| Easter Seals offers adult day care services in Benton
By Jess Nall
Tribune-Courier News Reporter
BENTON While there are many forms of health care for children with physical and mental disabilities, adult assistance programs are few and far between. In past decades, Special Education has increased awareness of children with special needs and made health care more readily available.
Unfortunately, these school-based programs are only in effect during childhood and teenage years and aren’t in session when school is out.
Easter Seals Adult Day Care noticed a gap in medical assitance and has stepped in to provide care for a wide range of special needs adults.
George Kennedy, Vice President of Adult Services, said Easter Seals decided to focus its attention on adults about eight years ago. “As Special Education programs became involved at a younger age we changed because we weren’t the only program providing services.”
Easter Seals patients range from 16-year-old high school students to 93-year-old grandmothers.
The adult day care service began as an Employment program for the disabled, offering minimum wage jobs to those unable to recieve employment.
In 2000, Easter Seals began the adult day care program in conjunction with employment placement. Though the two programs are now completely seperate, Easter Seals helps people recieve employment for approximately 90 people each year.
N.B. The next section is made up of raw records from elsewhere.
lemma exp_abs_time_le_potential_drift:
  assumes S: "S \<subseteq> vset n" and "d > 0"
    and "\<And>t T. state_dist n WR WM r S t T \<ge> 0"
    and "\<And>T. T \<subseteq> vset n \<Longrightarrow> phi T \<ge> 0"
    and "\<And>U. U \<subseteq> vset n \<Longrightarrow>
        step_expectation n WR WM r U phi \<le> phi U - d * of_bool (U \<notin> {{}, vset n})"
  shows "exp_abs_time n WR WM r S \<le> ennreal (phi S / d)"
proof -
  have survival_nonneg: "survival_prob n WR WM r S t \<ge> 0" for t
    unfolding survival_prob_def using assms(3) by (intro sum_nonneg)
  have "(\<Sum>t<N. ennreal (survival_prob n WR WM r S t)) \<le> ennreal (phi S / d)" for N
  proof -
    have "(\<Sum>t<N. survival_prob n WR WM r S t) \<le> phi S / d"
      using sum_survival_prob_le_potential[OF assms(1,3,4,5), of N] \<open>d > 0\<close>
      by (simp add: le_divide_eq mult.commute)
    then show ?thesis
      using survival_nonneg by (simp add: ennreal_leI)
  qed
  then show ?thesis
    unfolding exp_abs_time_def survival_prob_def[symmetric]
    by (intro suminf_le_const summableI)
qed

lemma exp_abs_time_uniform_le:
  assumes "n > 0" "\<And>v. v \<in> vset n \<Longrightarrow> exp_abs_time n WR WM r {v} \<le> ennreal B"
  shows "exp_abs_time_uniform n WR WM r \<le> ennreal B"
proof -
  have "(\<Sum>v\<in>vset n. exp_abs_time n WR WM r {v}) \<le> (\<Sum>v\<in>vset n. ennreal B)"
    using assms(2) by (rule sum_mono)
  also have "\<dots> = ennreal (real n) * ennreal B"
    by (simp add: vset_def ennreal_of_nat_eq_real_of_nat)
  finally show ?thesis
    unfolding exp_abs_time_uniform_def using assms(1)
    by (intro divide_le_posI_ennreal) auto
qed

section \<open>The number of residents\<close>

definition resident_count :: "nat \<Rightarrow> nat set \<Rightarrow> real" where
  "resident_count n T = real n - real (card T)"

lemma resident_count_moran_step:
  assumes "finite U"
  shows "resident_count n (moran_step U i j)
       = resident_count n U - of_bool (i \<in> U \<and> j \<notin> U) + of_bool (i \<notin> U \<and> j \<in> U)"
proof -
  have "real (card (U - {j})) = real (card U) - 1" if "j \<in> U"
    using card_Suc_Diff1[OF assms that] by linarith
  then show ?thesis
    using assms by (auto simp: resident_count_def moran_step_def insert_absorb)
qed

lemma total_fitness_eq:
  assumes "U \<subseteq> vset n"
  shows "total_fitness n r U = r * card U + (real n - card U)"
proof -
  have "finite U"
    using finite_subset[OF assms] by simp
  moreover have "card U \<le> n"
    using card_mono[OF finite_vset assms] by (simp add: vset_def)
  ultimately have "real (card (vset n - U)) = real n - real (card U)"
    using assms by (simp add: card_Diff_subset vset_def of_nat_diff)
  moreover have "vset n \<inter> U = U" "vset n \<inter> - U = vset n - U"
    using assms by auto
  ultimately show ?thesis
    unfolding total_fitness_def fitness_def by (simp add: sum.If_cases)
qed

lemma total_fitness_pos:
  assumes "r > 0" "n > 0"
  shows "total_fitness n r U > 0"
  unfolding total_fitness_def fitness_def
  using assms by (intro sum_pos) (auto simp: vset_def)

lemma sum_sum_of_bool_mem:
  fixes f :: "'a \<Rightarrow> 'a \<Rightarrow> 'b::comm_semiring_1"
  assumes "finite V" "A \<subseteq> V" "B \<subseteq> V"
  shows "(\<Sum>i\<in>V. \<Sum>j\<in>V. f i j * of_bool (i \<in> A \<and> j \<in> B)) = (\<Sum>i\<in>A. \<Sum>j\<in>B. f i j)"
proof -
  have "(\<Sum>i\<in>V. \<Sum>j\<in>V. f i j * of_bool (i \<in> A \<and> j \<in> B))
      = (\<Sum>i\<in>V. of_bool (i \<in> A) * (\<Sum>j\<in>V. f i j * of_bool (j \<in> B)))"
    by (intro sum.cong) (auto simp del: sum_mult_of_bool_eq)
  also have "\<dots> = (\<Sum>i\<in>A. \<Sum>j\<in>B. f i j)"
    using assms by (simp add: Int_absorb1 Int_absorb2)
  finally show ?thesis .
qed

lemma step_expectation_resident_count:
  fixes r :: real
  assumes U: "U \<subseteq> vset n"
  defines "F \<equiv> total_fitness n r U"
  shows "step_expectation n WR WM r U (resident_count n)
       = resident_count n U * (\<Sum>i\<in>vset n. \<Sum>j\<in>vset n. fitness r U i / F * (if i \<in> U then WM i j else WR i j))
         - r / F * (\<Sum>i\<in>U. \<Sum>j\<in>vset n - U. WM i j)
         + 1 / F * (\<Sum>i\<in>vset n - U. \<Sum>j\<in>U. WR i j)"
proof -
  define a where "a i j = fitness r U i / F * (if i \<in> U then WM i j else WR i j)" for i j
  have "finite U"
    using finite_subset[OF U] by simp
  have "a i j * resident_count n (moran_step U i j)
      = resident_count n U * a i j
        - a i j * of_bool (i \<in> U \<and> j \<in> vset n - U) + a i j * of_bool (i \<in> vset n - U \<and> j \<in> U)"
    if "i \<in> vset n" "j \<in> vset n" for i j
    using that by (simp add: resident_count_moran_step[OF \<open>finite U\<close>] algebra_simps)
  then have "step_expectation n WR WM r U (resident_count n)
      = (\<Sum>i\<in>vset n. \<Sum>j\<in>vset n. resident_count n U * a i j
          - a i j * of_bool (i \<in> U \<and> j \<in> vset n - U) + a i j * of_bool (i \<in> vset n - U \<and> j \<in> U))"
    unfolding step_expectation_def F_def[symmetric] a_def[symmetric] by (intro sum.cong refl) simp
  also have "\<dots> = resident_count n U * (\<Sum>i\<in>vset n. \<Sum>j\<in>vset n. a i j)
      - (\<Sum>i\<in>vset n. \<Sum>j\<in>vset n. a i j * of_bool (i \<in> U \<and> j \<in> vset n - U))
      + (\<Sum>i\<in>vset n. \<Sum>j\<in>vset n. a i j * of_bool (i \<in> vset n - U \<and> j \<in> U))"
    by (simp only: sum.distrib sum_subtractf sum_distrib_left)
  also have "\<dots> = resident_count n U * (\<Sum>i\<in>vset n. \<Sum>j\<in>vset n. a i j)
      - (\<Sum>i\<in>U. \<Sum>j\<in>vset n - U. a i j) + (\<Sum>i\<in>vset n - U. \<Sum>j\<in>U. a i j)"
    using U by (simp only: sum_sum_of_bool_mem finite_vset Diff_subset)
  finally show ?thesis
    by (simp add: a_def fitness_def sum_distrib_left)
qed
The program has been in operation on a national basis since 1954 and made its way to Benton last year.
After a growing amount of interest in the Paducah location that expanded from one or two patients to over forty, Easter Seals employees saw an opportunity to help in the Benton area.
Director of Adult Day Services Susan Supple stated, “We wanted to start a program here because we saw a need. I have four people that drive to Paducah from Murray and that is a very long commute.”
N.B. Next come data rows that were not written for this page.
(* Let $X$ be an $n$-dimensional real normed space and let $Y \subseteq X$ be a $k$-dimensional linear subspace, where $1 \leq k \leq n-1$. Then: (a) $\dim \mathcal{P}_{\min}(X, Y) \leq k(n-k)$, and this estimate is best possible in general: for all $n$ and $1\le k\le n-1$ there exist an $n$-dimensional real normed space $X$ and a $k$-dimensional subspace $Y$ with $\dim \mathcal{P}_{\min}(X, Y) = k(n-k)$. (b) If $\lambda(Y, X)>1$, then $\dim \mathcal{P}_{\min}(X, Y) \leq k(n-k)-2$, and this estimate is best possible in general: for all $n$ and $2\le k\le n-1$ there exist an $n$-dimensional real normed space $X$ and a $k$-dimensional subspace $Y$ with $\lambda(Y,X)>1$ and $\dim \mathcal{P}_{\min}(X, Y) = k(n-k)-2$.
   Context: A projection from a normed space $X$ onto a linear subspace $Y$ is a bounded linear operator $P: X \to Y$ with $P|_Y = \mathrm{id}_Y$; $\mathcal{P}(X,Y)$ denotes the set of all such projections. The relative projection constant is $\lambda(Y, X) = \inf\{\|P\| : P \in \mathcal{P}(X,Y)\}$ (operator norm), and $\mathcal{P}_{\min}(X, Y)$ is the set of projections $P$ with $\|P\| = \lambda(Y,X)$ (minimal projections). $\mathcal{P}_{\min}(X,Y)$ is a convex subset of the space $\mathcal{L}(X,X)$ of linear operators on $X$, and $\dim \mathcal{P}_{\min}(X,Y)$ denotes its affine dimension, i.e. the smallest dimension of an affine subspace of $\mathcal{L}(X,X)$ containing it. *)

theory Defs
  imports "HOL-Analysis.Analysis"
begin

text \<open>A norm on the real vector space real^'n (an n-dimensional real normed space is,
  up to isometric isomorphism, real^'n equipped with some norm N).\<close>
definition is_norm :: "('a::real_vector \<Rightarrow> real) \<Rightarrow> bool" where
  "is_norm N \<longleftrightarrow> (\<forall>x. N x = 0 \<longleftrightarrow> x = 0) \<and> (\<forall>c x. N (c *\<^sub>R x) = \<bar>c\<bar> * N x)
     \<and> (\<forall>x y. N (x + y) \<le> N x + N y)"

definition op_norm :: "(real^'n \<Rightarrow> real) \<Rightarrow> real^'n^'n \<Rightarrow> real" where
  "op_norm N A = Sup {N (A *v x) | x. N x \<le> 1}"

definition projections :: "(real^'n) set \<Rightarrow> (real^'n^'n) set" where
  "projections Y = {P. (\<forall>x. P *v x \<in> Y) \<and> (\<forall>y\<in>Y. P *v y = y)}"

definition rel_proj_const :: "(real^'n \<Rightarrow> real) \<Rightarrow> (real^'n) set \<Rightarrow> real" where
  "rel_proj_const N Y = Inf (op_norm N ` projections Y)"

definition min_projections :: "(real^'n \<Rightarrow> real) \<Rightarrow> (real^'n) set \<Rightarrow> (real^'n^'n) set" where
  "min_projections N Y = {P \<in> projections Y. op_norm N P = rel_proj_const N Y}"

end

theory Submission
  imports Defs
begin

(*
  The projections onto Y form an affine space whose direction space, the operators
  with range in Y that vanish on Y, has dimension k (n - k); this gives (a).

  For (b) let P0 be a relative interior point of the minimal projections and call (x, a) a
  norming pair of P0 if N x \<le> 1, a is in the dual unit ball and a (P0 x) = \<lambda>.  The linear
  functional D \<mapsto> a (D x) vanishes on the directions of the minimal projections.  If these had
  codimension at most 1, all such functionals would be proportional.  Moving P0 against a direction
  on which one of them equals \<lambda> produces, by compactness, a second norming pair whose functional is
  a non-positive multiple of the first, and testing both on rank-one directions forces \<lambda> \<le> 1.

  Equality in (a) holds for the l1 norm and a coordinate subspace; equality in (b) for an explicit
  norm with \<lambda> = 4/3 whose minimal projections contain a neighbourhood of one of them inside a
  (k (n - k) - 2)-dimensional family.
*)

section \<open>Norms on Euclidean spaces\<close>

lemma convex_sublevel_set:
  assumes "convex_on UNIV f"
  shows "convex {x. f x \<le> c}"
proof (rule convexI)
  fix x y :: 'a and u v :: real
  assume "x \<in> {x. f x \<le> c}" "y \<in> {x. f x \<le> c}" "0 \<le> u" "0 \<le> v" "u + v = 1"
  then have "f (u *\<^sub>R x + v *\<^sub>R y) \<le> max (f x) (f y)" "max (f x) (f y) \<le> c"
    using convex_lower[OF assms] by auto
  then have "f (u *\<^sub>R x + v *\<^sub>R y) \<le> c" by (rule order_trans)
  then show "u *\<^sub>R x + v *\<^sub>R y \<in> {x. f x \<le> c}" by (simp only: mem_Collect_eq)
qed

definition dual_unit_ball :: "('a::real_inner \<Rightarrow> real) \<Rightarrow> 'a set" where
  "dual_unit_ball N = {a. \<forall>y. a \<bullet> y \<le> N y}"

context
  fixes N :: "'a::euclidean_space \<Rightarrow> real"
  assumes N: "is_norm N"
begin

lemma is_norm_eq_0_iff: "N x = 0 \<longleftrightarrow> x = 0"
  using N unfolding is_norm_def by auto

lemma is_norm_scaleR: "N (c *\<^sub>R x) = \<bar>c\<bar> * N x"
  using N unfolding is_norm_def by auto

lemma is_norm_triangle: "N (x + y) \<le> N x + N y"
  using N unfolding is_norm_def by auto

lemma is_norm_0 [simp]: "N 0 = 0"
  using is_norm_eq_0_iff by simp

lemma is_norm_minus: "N (- x) = N x"
  using is_norm_scaleR[of "-1" x] by simp

lemma is_norm_nonneg: "0 \<le> N x"
  using is_norm_triangle[of x "- x"] by (simp add: is_norm_minus)

lemma is_norm_pos: "x \<noteq> 0 \<Longrightarrow> 0 < N x"
  using is_norm_nonneg[of x] is_norm_eq_0_iff[of x] by linarith

lemma is_norm_diff_le: "N (x - y) \<le> N x + N y"
  using is_norm_triangle[of x "- y"] by (simp add: is_norm_minus)

lemma convex_on_is_norm: "convex_on UNIV N"
proof (rule convex_onI)
  fix t :: real and x y :: 'a
  assume "0 < t" "t < 1"
  then show "N ((1 - t) *\<^sub>R x + t *\<^sub>R y) \<le> (1 - t) * N x + t * N y"
    using is_norm_triangle[of "(1 - t) *\<^sub>R x" "t *\<^sub>R y"] by (simp add: is_norm_scaleR)
qed simp

lemma continuous_on_is_norm: "continuous_on S N"
  using convex_on_continuous[OF open_UNIV convex_on_is_norm] continuous_on_subset by blast

lemma is_norm_equivalent_norm: "\<exists>c C. 0 < c \<and> 0 < C \<and> (\<forall>x. c * norm x \<le> N x \<and> N x \<le> C * norm x)"
proof -
  have S: "compact (sphere (0::'a) 1)" "sphere (0::'a) 1 \<noteq> {}" by simp_all
  obtain z where z: "z \<in> sphere 0 1" "\<And>y. y \<in> sphere 0 1 \<Longrightarrow> N z \<le> N y"
    using continuous_attains_inf[OF S continuous_on_is_norm] by blast
  obtain w where w: "\<And>y. y \<in> sphere 0 1 \<Longrightarrow> N y \<le> N w"
    using continuous_attains_sup[OF S continuous_on_is_norm] by blast
  have "N z * norm x \<le> N x \<and> N x \<le> N w * norm x" for x
  proof (cases "x = 0")
    case False
    then have "x /\<^sub>R norm x \<in> sphere 0 1" by simp
    from z(2)[OF this] w[OF this] False show ?thesis by (simp add: is_norm_scaleR field_simps)
  qed simp
  moreover have "0 < N z" using z(1) by (intro is_norm_pos) auto
  moreover have "N z \<le> N w" using z by (intro w) auto
  ultimately show ?thesis by (metis order_less_le_trans)
qed

lemma compact_is_norm_sublevel: "compact {x. N x \<le> r}"
proof -
  obtain c where c: "c > 0" "\<And>x. c * norm x \<le> N x" using is_norm_equivalent_norm by blast
  have "{x. N x \<le> r} \<subseteq> cball 0 (r / c)"
    using c by (auto simp: field_simps) (metis order_trans mult.commute)
  then have "bounded {x. N x \<le> r}" by (rule bounded_subset[OF bounded_cball])
  moreover have "closed {x. N x \<le> r}"
    using closed_Collect_le[OF continuous_on_is_norm continuous_on_const] by simp
  ultimately show ?thesis by (simp add: compact_eq_bounded_closed)
qed

lemma compact_dual_unit_ball: "compact (dual_unit_ball N)"
proof -
  obtain C where C: "\<And>x. N x \<le> C * norm x" using is_norm_equivalent_norm by blast
  have "norm a \<le> \<bar>C\<bar>" if "a \<in> dual_unit_ball N" for a
  proof -
    have "norm a * norm a = a \<bullet> a" by (simp add: dot_square_norm power2_eq_square)
    also have "\<dots> \<le> N a" using that unfolding dual_unit_ball_def by blast
    also have "\<dots> \<le> C * norm a" by (rule C)
    finally have "norm a * norm a \<le> C * norm a" .
    then show ?thesis by (cases "a = 0") (auto dest: mult_right_le_imp_le)
  qed
  then have "bounded (dual_unit_ball N)" by (auto simp: bounded_iff)
  moreover have "closed (dual_unit_ball N)"
    unfolding dual_unit_ball_def by (auto intro!: closed_Collect_all closed_Collect_le continuous_intros)
  ultimately show ?thesis by (simp add: compact_eq_bounded_closed)
qed

lemma supporting_functional_unit_sphere:
  assumes "N u = 1"
  shows "\<exists>c. 0 < c \<bullet> u \<and> (\<forall>y. c \<bullet> y \<le> (c \<bullet> u) * N y)"
proof -
  define B where "B = {y. N y \<le> 1}"
  have convB: "convex B" unfolding B_def by (rule convex_sublevel_set[OF convex_on_is_norm])
  have uB: "u \<in> B" using assms by (simp add: B_def)
  have u_boundary: "u \<notin> rel_interior B"
  proof
    assume "u \<in> rel_interior B"
    moreover have "0 \<in> affine hull B" by (intro hull_inc) (simp add: B_def is_norm_0)
    ultimately obtain e where "e > 1" "(1 - e) *\<^sub>R 0 + e *\<^sub>R u \<in> B"
      using convex_rel_interior_if2[OF convB] by blast
    then show False using assms by (simp add: B_def is_norm_scaleR)
  qed
  obtain b where "b \<noteq> 0" and b: "\<And>y. y \<in> B \<Longrightarrow> b \<bullet> u \<le> b \<bullet> y"
    using supporting_hyperplane_rel_boundary[OF convB uB u_boundary] by metis
  define c where "c = - b"
  have le: "c \<bullet> y \<le> (c \<bullet> u) * N y" for y
  proof (cases "y = 0")
    case False
    have Ny: "0 < N y" using False by (rule is_norm_pos)
    then have "y /\<^sub>R N y \<in> B" by (simp add: B_def is_norm_scaleR)
    from b[OF this] have "c \<bullet> (y /\<^sub>R N y) \<le> c \<bullet> u" by (simp add: c_def)
    with Ny show ?thesis by (simp add: field_simps)
  qed (simp add: is_norm_0)
  have "0 < c \<bullet> c" using \<open>b \<noteq> 0\<close> by (simp add: c_def)
  also have "\<dots> \<le> (c \<bullet> u) * N c" by (rule le)
  finally have "0 < c \<bullet> u" using is_norm_nonneg[of c] by (simp add: zero_less_mult_iff)
  with le show ?thesis by blast
qed

lemma exists_norming_functional: "\<exists>a\<in>dual_unit_ball N. a \<bullet> z = N z"
proof (cases "z = 0")
  case True
  then show ?thesis by (intro bexI[of _ 0]) (auto simp: dual_unit_ball_def is_norm_nonneg is_norm_0)
next
  case False
  define u where "u = z /\<^sub>R N z"
  have Nz: "0 < N z" using False by (rule is_norm_pos)
  then have "N u = 1" by (simp add: u_def is_norm_scaleR)
  then obtain c where pos: "0 < c \<bullet> u" and le: "\<And>y. c \<bullet> y \<le> (c \<bullet> u) * N y"
    using supporting_functional_unit_sphere by blast
  define a where "a = c /\<^sub>R (c \<bullet> u)"
  have "a \<bullet> y \<le> N y" for y
    using le[of y] pos by (simp add: a_def field_simps)
  moreover have "a \<bullet> z = N z"
  proof -
    have "a \<bullet> z = a \<bullet> (N z *\<^sub>R u)" using Nz by (simp add: u_def)
    also have "\<dots> = N z" using pos by (simp add: a_def)
    finally show ?thesis .
  qed
  ultimately show ?thesis by (auto simp: dual_unit_ball_def)
qed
Easter Seals is a nonprofit organization designed to provide assistance to both the patient and their caregivers no matter the circumstances.
Kennedy said that the cost of the program can be covered, at least in part, with Medicaid benefits. “No matter the payer source, whether it be out of the pocket of the patient or the insurance company, we treat everyone the same and give them the same quality of care.”
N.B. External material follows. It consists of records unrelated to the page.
lemma reduce_filter_reduce:
  "is_word G xs \<Longrightarrow> reduce G (filter (\<lambda>l. Q (fst l)) (reduce G xs)) = reduce G (filter (\<lambda>l. Q (fst l)) xs)"
proof (induction xs)
  case (Cons x xs)
  then show ?case
    using reduce_filter_lmult_letter[OF reduced_reduce, of xs x Q] by simp
qed simp

end

section \<open>Infinite words\<close>

lemma sorted_list_of_set_eqI:
  assumes "finite A" "sorted_wrt (<) xs" "set xs = A"
  shows "sorted_list_of_set A = xs"
  using assms strict_sorted_equal[of xs "sorted_list_of_set A"]
  by (simp add: sorted_list_of_set.strict_sorted_key_list_of_set)

lemma sorted_list_of_set_filter:
  "finite A \<Longrightarrow> sorted_list_of_set {x\<in>A. Q x} = filter Q (sorted_list_of_set A)"
  by (rule sorted_list_of_set_eqI) (auto intro: sorted_wrt_filter)

lemma sorted_list_of_set_image_strict_mono:
  assumes "finite A" "strict_mono_on A f"
  shows "sorted_list_of_set (f ` A) = map f (sorted_list_of_set A)"
proof (rule sorted_list_of_set_eqI)
  show "sorted_wrt (<) (map f (sorted_list_of_set A))"
    unfolding sorted_wrt_map
    using sorted_wrt_mono_rel[OF _ strict_sorted_list_of_set[of A]] assms
    by (auto simp: strict_mono_on_def)
qed (use assms in auto)

lemma sorted_list_of_set_Un_less:
  assumes "finite A" "finite B" "\<forall>a\<in>A. \<forall>b\<in>B. a < b"
  shows "sorted_list_of_set (A \<union> B) = sorted_list_of_set A @ sorted_list_of_set B"
  by (rule sorted_list_of_set_eqI) (use assms in \<open>auto simp: sorted_wrt_append\<close>)

lemma sorted_list_of_set_uminus:
  fixes A :: "'a::linordered_ab_group_add set"
  assumes "finite A"
  shows "sorted_list_of_set (uminus ` A) = rev (map uminus (sorted_list_of_set A))"
proof (rule sorted_list_of_set_eqI)
  show "sorted_wrt (<) (rev (map uminus (sorted_list_of_set A)))"
    unfolding sorted_wrt_rev sorted_wrt_map
    using strict_sorted_list_of_set[of A] by (simp add: sorted_wrt_mono_rel)
qed (use assms in auto)

definition iword_positions :: "nat set \<Rightarrow> 'a iword \<Rightarrow> rat set" where
  "iword_positions S W = {x \<in> fst W. fst (snd W x) \<in> S}"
The Benton center currently has six patients under their care but have room for up to forty. Supple stated, “We fear that some people don’t know that this program is available. Especially older caretakers who are caring for their adult child, we can help substantially with their day to day struggles.”
Supple explained that Easter Seals is a medical model with dual focuses. The center offers a full-time registered nurse and a full-time Licensed Practical Nurse to care for its patients. Supple explained, “we do a lot of medical things and we can take any medical needs. Anything that a hospital or nursing home can do, we can do here.”
Supple said the main goal of the program is to keep people in their homes and out of nursing homes. “We don’t want them to go to the nursing home for any reason. I work part-time in a nursing home and when I work in the Alzheimer’s unit it just breaks my heart because I know that if they had a little bit of adult day care and a little bit of home support they would do so well.”
It is because of this aspiration that the center offers to give patients showers, medication, personal care or other needs they may have.
Medical needs aren’t the only focus of the Easter Seals program. Stimulating the mind, enriching activities, self worth and a fun environment are areas that the employees put a lot of emphasis on.
Patients at the center are offered a variety of activities they can participate in including exercise, scrapbooking, gardening and games.
“For the elderly, we always try to keep their mind active and that’s where I think the young people help.”
“So we have a broad range. It’s really nice. Everyone talks about intergerational and they talk about little kids with grandparents,” Supple said, “but actually when you get a 16-year-old with a 93-year-old, there is a truly unique relationship that develops.”
Close friendships aren’t only shared between patients, Registered Nurse Melinda Lamboy said that she is also feeling the love.
“I’ve been here since September of last year and I started out at the Paducah center and transferred here,” Lamboy stated. “I enjoy this type of nursing because it is probably one of the most rewarding fields that you can be in as far as having the affection and the kisses and the hugs and the thank-yous and just appreciation that comes from our clients.
“I have worked at a lot of different areas in nursing and this is the most rewarding as far as I feel appreciated and I feel like I matter.”